Hong Kong's media has sunk into a cesspool. Unproven accusations are presented as facts to manufacture scandals. Self-serving politicians then fan these fake scandals by demanding investigations. Innocent people are dragged through the mud, as happened to Franklin Lam Fan-keung, who had to quit as an executive councillor even though a graft inquiry showed he didn't profit from insider information as alleged. And hot on the heels of unproven claims that Chief Executive Leung Chun-ying interfered with academic freedom come unproven allegations from the democracy camp's mouthpiece. Next Media, owned by Jimmy Lai Chee-ying, said Leung persuaded a property tycoon to donate HK$400 million to a Swedish medical institute so his son could get in. Next Media did not provide any evidence for this claim, but the democracy camp is already demanding an investigation. It doesn't matter that Leung's son was a top Cambridge PhD student and won a study award from the prestigious Croucher Foundation. It doesn't matter that his impressive academic credentials alone could have got him into Sweden's Karolinska Institute. It doesn't matter that he had applied to do research at the institute over a year before tycoon Lau Ming-wai made his donation to open a centre in Hong Kong. It doesn't matter that no tycoon, however rich, would part with HK$400 million purely at the urging of Leung. It doesn't matter that it would be virtually impossible for a chief executive to offer paybacks worth HK$400 million without being exposed.
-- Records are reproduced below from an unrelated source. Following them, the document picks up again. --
lemma tridiag_hadamard_pow_counterexample:
  fixes r :: real
  assumes "3 \<le> n" "0 < r" "r < 1"
  shows "\<exists>T. nonneg_tridiag n T \<and> pos_def n T \<and> \<not> pos_semidef n (hadamard_pow T r)"
proof -
  define m where "m = n - 3"
  have n: "n = Suc (Suc (Suc m))"
    using assms(1) by (simp add: m_def)
  have "(2::real) powr 1 < 2 powr (1 / r)"
    using assms(2,3) by (intro powr_less_mono) (auto simp: field_simps)
  then have two: "2 < (2::real) powr (1 / r)"
    by simp
  define c where "c = (2 + 2 powr (1 / r)) / 2"
  have c: "2 < c"
    using two by (simp add: c_def)
  have "c powr r < (2 powr (1 / r)) powr r"
    using two c assms(2) by (intro powr_less_mono2) (auto simp: c_def)
  then have cr: "c powr r < 2"
    using assms(2) by (simp add: powr_powr)
  define a :: "nat \<Rightarrow> real" where "a = (\<lambda>i. if i = 1 then c else 1)"
  define b :: "nat \<Rightarrow> real" where "b = (\<lambda>i. if i < 2 then 1 else 0)"
  have quad: "quad_form n (tridiag a b) x
      = (x 0 + x 1)^2 + (x 1 + x 2)^2 + (c - 2) * (x 1)^2 + (\<Sum>i<m. (x (Suc (Suc (Suc i))))^2)"
    for x
    by (simp add: n quad_form_tridiag_Suc quad_form_tridiag_diagonal a_def b_def
        sum.lessThan_Suc_shift power2_eq_square algebra_simps numeral_2_eq_2 del: sum.lessThan_Suc)
  have "pos_def n (tridiag a b)"
    unfolding pos_def_def quad
  proof (intro conjI sym_mat_tridiag allI impI)
    fix x :: "nat \<Rightarrow> real"
    assume "\<exists>i<n. x i \<noteq> 0"
    then obtain i where i: "i < n" "x i \<noteq> 0"
      by blast
    have tail: "0 \<le> (\<Sum>i<m. (x (Suc (Suc (Suc i))))^2)"
      by (simp add: sum_nonneg)
    have head: "0 \<le> (x 0 + x 1)^2 + (x 1 + x 2)^2 + (c - 2) * (x 1)^2"
      using c by simp
    show "0 < (x 0 + x 1)^2 + (x 1 + x 2)^2 + (c - 2) * (x 1)^2
                + (\<Sum>i<m. (x (Suc (Suc (Suc i))))^2)"
    proof (cases "i \<le> 2")
      case True
      then have "i = 0 \<or> i = 1 \<or> i = 2"
        by auto
      then have "x 0 \<noteq> 0 \<or> x 1 \<noteq> 0 \<or> x 2 \<noteq> 0"
        using i by auto
      then have "0 < (x 0 + x 1)^2 + (x 1 + x 2)^2 + (c - 2) * (x 1)^2"
      proof (cases "x 1 = 0")
        case True
        then show ?thesis
          using \<open>x 0 \<noteq> 0 \<or> x 1 \<noteq> 0 \<or> x 2 \<noteq> 0\<close> by (simp add: sum_power2_gt_zero_iff)
      next
        case False
        then have "0 < (c - 2) * (x 1)^2"
          using c by simp
        then show ?thesis
          using zero_le_power2[of "x 0 + x 1"] zero_le_power2[of "x 1 + x 2"] by linarith
      qed
      then show ?thesis
        using tail by linarith
    next
      case False
      have "\<exists>j. i = Suc (Suc (Suc j))"
        using False by presburger
      then obtain j where j: "i = Suc (Suc (Suc j))"
        by blast
      then have "0 < (\<Sum>i<m. (x (Suc (Suc (Suc i))))^2)"
        using i n by (intro sum_pos2[of _ j]) auto
      then show ?thesis
        using head by linarith
    qed
  qed
  moreover have "nonneg_tridiag n (tridiag a b)"
    by (rule nonneg_tridiag_tridiag) (use c in \<open>auto simp: a_def b_def\<close>)
  moreover have "quad_form n (hadamard_pow (tridiag a b) r)
      (\<lambda>i. if i = 1 then -1 else if i \<le> 2 then 1 else 0) = c powr r - 2"
  proof -
    have "(\<lambda>i. a i powr r) = (\<lambda>i. if i = 1 then c powr r else 1)" "(\<lambda>i. b i powr r) = b"
      by (auto simp: a_def b_def)
    then show ?thesis
      by (simp add: hadamard_pow_tridiag n quad_form_tridiag_Suc quad_form_tridiag_diagonal
          b_def numeral_2_eq_2 sum.lessThan_Suc_shift del: sum.lessThan_Suc)
  qed
  then have "\<not> pos_semidef n (hadamard_pow (tridiag a b) r)"
    using cr unfolding pos_semidef_def by (metis diff_ge_0_iff_ge not_le)
  ultimately show ?thesis
    by blast
qed

theorem theorem1p2:
  fixes n :: nat and r :: real
  assumes "n \<ge> 3" and "r > 0"
  shows "((\<forall>T. nonneg_tridiag n T \<and> pos_def n T \<longrightarrow> pos_def n (hadamard_pow T r))
            \<longleftrightarrow> r \<ge> 1)
       \<and> ((\<forall>T. nonneg_tridiag n T \<and> pos_semidef n T \<longrightarrow> pos_semidef n (hadamard_pow T r))
            \<longleftrightarrow> r \<ge> 1)"
proof -
  have "\<exists>T. nonneg_tridiag n T \<and> pos_def n T \<and> \<not> pos_semidef n (hadamard_pow T r)" if "r < 1"
    using tridiag_hadamard_pow_counterexample assms that by blast
  then show ?thesis
    using pos_def_hadamard_pow_nonneg_tridiag pos_semidef_hadamard_pow_nonneg_tridiag
      pos_def_imp_pos_semidef by (meson not_le)
qed

end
What matters is to never let the facts get in the way of a good story.

 

They wore face masks, waved colonial-era flags, and clashed with the police, who retaliated with batons and pepper spray. Sound familiar? But we are no longer shocked by scenes of young people clashing with police officers. Civil disobedience protests that lasted 79 days have numbed us. But don't be lulled into thinking last Sunday's confrontation, and the one a week earlier in Tuen Mun, were isolated incidents that won't snowball into something bigger. Unlike the Occupy movement, which lost public support after dragging on for too long, the protests against mainland visitors have considerable public sympathy. People are fed up with being overrun by millions of mainland shoppers. Most callers to a Chinese-language radio show last Monday told of daily lives being turned upside down by the sheer number of visitors to their districts. They spoke of rising prices, overcrowded malls, packed MTR trains, being unable to get a restaurant table and the proliferation of pharmacies serving mainlanders. The callers were not young radicals, but long-time residents of their districts. If that's not enough anecdotal evidence of an explosion in the making, what is? Surely, something is terribly wrong when visitor numbers reach a level that sparks a societal backlash. Anyone honest with themselves will agree that last year's total of 47.25 million mainland visitors crossed the line of what Hong Kong can handle. Public Eye is not against mainland visitors. But Hong Kong wants genuine tourists, not day-trippers and parallel-goods traders who make our lives hell.